Start of Block
lemma weakly_normal_separates_point:
  assumes "weakly_normal X Op" "x \<in> X" "B \<in> Cl X Op" "x \<notin> B"
  shows "\<exists>A\<in>Cl X Op. x \<in> A \<and> A \<inter> B = {}"
proof -
  have point: "(\<exists>y\<in>X. {x} = {y}) \<or> {x} \<in> Cl X Op" using assms(2) by blast
  have closed: "(\<exists>y\<in>X. B = {y}) \<or> B \<in> Cl X Op" using assms(3) by blast
  have "{x} \<inter> B = {}" using assms(4) by blast
  then obtain W1 W2 where "W1 \<in> Op" "W2 \<in> Op" "W1 \<inter> W2 = {}" "{x} \<subseteq> W1" "B \<subseteq> W2"
    using assms(1)[unfolded weakly_normal_def, rule_format, OF point closed] by blast
  then show ?thesis
    using assms(2) by (intro bexI[of _ "X - W2"] Diff_in_Cl) auto
qed

lemma wmap_Cl_in_Wallman:
  assumes "gts X Op Cov" "weakly_normal X Op" "x \<in> X"
  shows "wmap (Cl X Op) x \<in> Wallman (Cl X Op)"
  by (rule wmap_in_Wallman[OF Cl_Int[OF assms(1)] assms(3) top_in_Cl[OF assms(1)]
        weakly_normal_separates_point[OF assms(2,3)]])

lemma Ex_W_eq_Diff_wbase:
  assumes "gts X Op Cov" "weakly_normal X Op" "U \<in> Op"
  shows "Ex_W X (Cl X Op) U = Wallman (Cl X Op) - wbase (Cl X Op) (X - U)"
proof -
  have "wmap (Cl X Op) ` (X - U) \<subseteq> Wallman (Cl X Op)"
    using wmap_Cl_in_Wallman[OF assms(1,2)] by blast
  then show ?thesis
    unfolding Ex_W_def
    by (simp add: closure_of_wmap_image[OF Cl_Int[OF assms(1)] empty_in_Cl[OF assms(1)]
          Diff_in_Cl[OF assms(3)]])
qed

lemma wbase_greatest:
  assumes "T \<in> C" "\<And>A. A \<in> C \<Longrightarrow> A \<subseteq> T"
  shows "wbase C T = Wallman C"
proof -
  have "T \<in> p" if "p \<in> Wallman C" for p
  proof -
    have p: "set_filter C p" using Wallman_filter[OF that] .
    then obtain D where "D \<in> p" "D \<in> C" by (auto simp: set_filter_def)
    then show "T \<in> p" using p assms by (auto simp: set_filter_def)
  qed
  then show ?thesis by (auto simp: wbase_def)
qed

lemma empty_in_OpW:
  assumes "gts X Op Cov" "weakly_normal X Op"
  shows "{} \<in> OpW X Op"
proof -
  have "{} \<in> Op" by (rule gts_Op_lattice(1)[OF assms(1)])
  moreover have "wbase (Cl X Op) X = Wallman (Cl X Op)"
    by (rule wbase_greatest[OF top_in_Cl[OF assms(1)] Cl_subset])
  ultimately have "Ex_W X (Cl X Op) {} = {}"
    using Ex_W_eq_Diff_wbase[OF assms] by simp
  then show ?thesis
    using \<open>{} \<in> Op\<close> unfolding OpW_def by blast
qed

lemma Un_in_OpW:
  assumes "gts X Op Cov" "weakly_normal X Op" "a \<in> OpW X Op" "b \<in> OpW X Op"
  shows "a \<union> b \<in> OpW X Op"
proof -
  obtain U V where "U \<in> Op" "V \<in> Op" "a = Ex_W X (Cl X Op) U" "b = Ex_W X (Cl X Op) V"
    using assms(3,4) by (auto simp: OpW_def)
  moreover have "U \<union> V \<in> Op" using gts_Op_lattice(3)[OF assms(1)] calculation(1,2) .
  moreover have "wbase (Cl X Op) (X - (U \<union> V)) = wbase (Cl X Op) (X - U) \<inter> wbase (Cl X Op) (X - V)"
    using wbase_Int[OF Diff_in_Cl Diff_in_Cl] calculation(1,2) by (simp add: Diff_Un)
  ultimately have "a \<union> b = Ex_W X (Cl X Op) (U \<union> V)"
    using Ex_W_eq_Diff_wbase[OF assms(1,2)] by auto
  then show ?thesis
    using \<open>U \<union> V \<in> Op\<close> unfolding OpW_def by blast
qed

lemma OpW_eq_Wallman_subbase_traces:
  assumes "gts X Op Cov" "weakly_normal X Op"
  shows "OpW X Op = (\<inter>) (Wallman (Cl X Op)) ` Wallman_subbase (Cl X Op)"
proof -
  let ?C = "Cl X Op"
  have "OpW X Op = Ex_W X ?C ` Op" by (auto simp: OpW_def)
  also have "\<dots> = (\<lambda>U. Wallman ?C \<inter> (UNIV - wbase ?C (X - U))) ` Op"
    using Ex_W_eq_Diff_wbase[OF assms] by (intro image_cong) auto
  also have "\<dots> = (\<inter>) (Wallman ?C) ` Wallman_subbase ?C"
    by (simp add: Wallman_subbase_def Cl_def Setcompr_eq_image image_image)
  finally show ?thesis .
qed

theorem proposition5p14:
  fixes X :: "'a set" and Op :: "'a set set" and Cov :: "'a set set set"
  assumes "gts X Op Cov"
    and "weakly_normal X Op"
    and "compact_space (Wallman_topology (Cl X Op))"
  shows "(\<forall>\<F>. finite \<F> \<and> \<F> \<subseteq> OpW X Op \<longrightarrow> \<Union>\<F> \<in> OpW X Op)
    \<and> subtopology (topology_generated_by (OpW X Op)) (Wallman (Cl X Op))
        = Wallman_topology (Cl X Op)"
proof (intro conjI allI impI; (elim conjE)?)
  fix \<F> assume "finite \<F>" "\<F> \<subseteq> OpW X Op"
  then show "\<Union>\<F> \<in> OpW X Op"
    by (induction \<F> rule: finite_induct)
      (simp_all add: empty_in_OpW[OF assms(1,2)] Un_in_OpW[OF assms(1,2)])
next
  let ?W = "Wallman (Cl X Op)"
  have "(\<inter>) ?W ` OpW X Op = (\<inter>) ?W ` Wallman_subbase (Cl X Op)"
    using OpW_eq_Wallman_subbase_traces[OF assms(1,2)] by (auto simp: image_image)
  then show "subtopology (topology_generated_by (OpW X Op)) ?W = Wallman_topology (Cl X Op)"
    unfolding Wallman_topology_eq by (rule subtopology_topology_generated_by_traces)
qed

end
End of Block
=== WORK TO BE COMPLETED ===
Every line above from the line with "assms(1)] calculation(1,2) ." to the line with "Op) (U \<union>" is wanted, ends included; write them out exactly and add no other line.

=== EXERCISE OUTPUT ===
  moreover have "U \<union> V \<in> Op" using gts_Op_lattice(3)[OF assms(1)] calculation(1,2) .
  moreover have "wbase (Cl X Op) (X - (U \<union> V)) = wbase (Cl X Op) (X - U) \<inter> wbase (Cl X Op) (X - V)"
    using wbase_Int[OF Diff_in_Cl Diff_in_Cl] calculation(1,2) by (simp add: Diff_Un)
  ultimately have "a \<union> b = Ex_W X (Cl X Op) (U \<union> V)"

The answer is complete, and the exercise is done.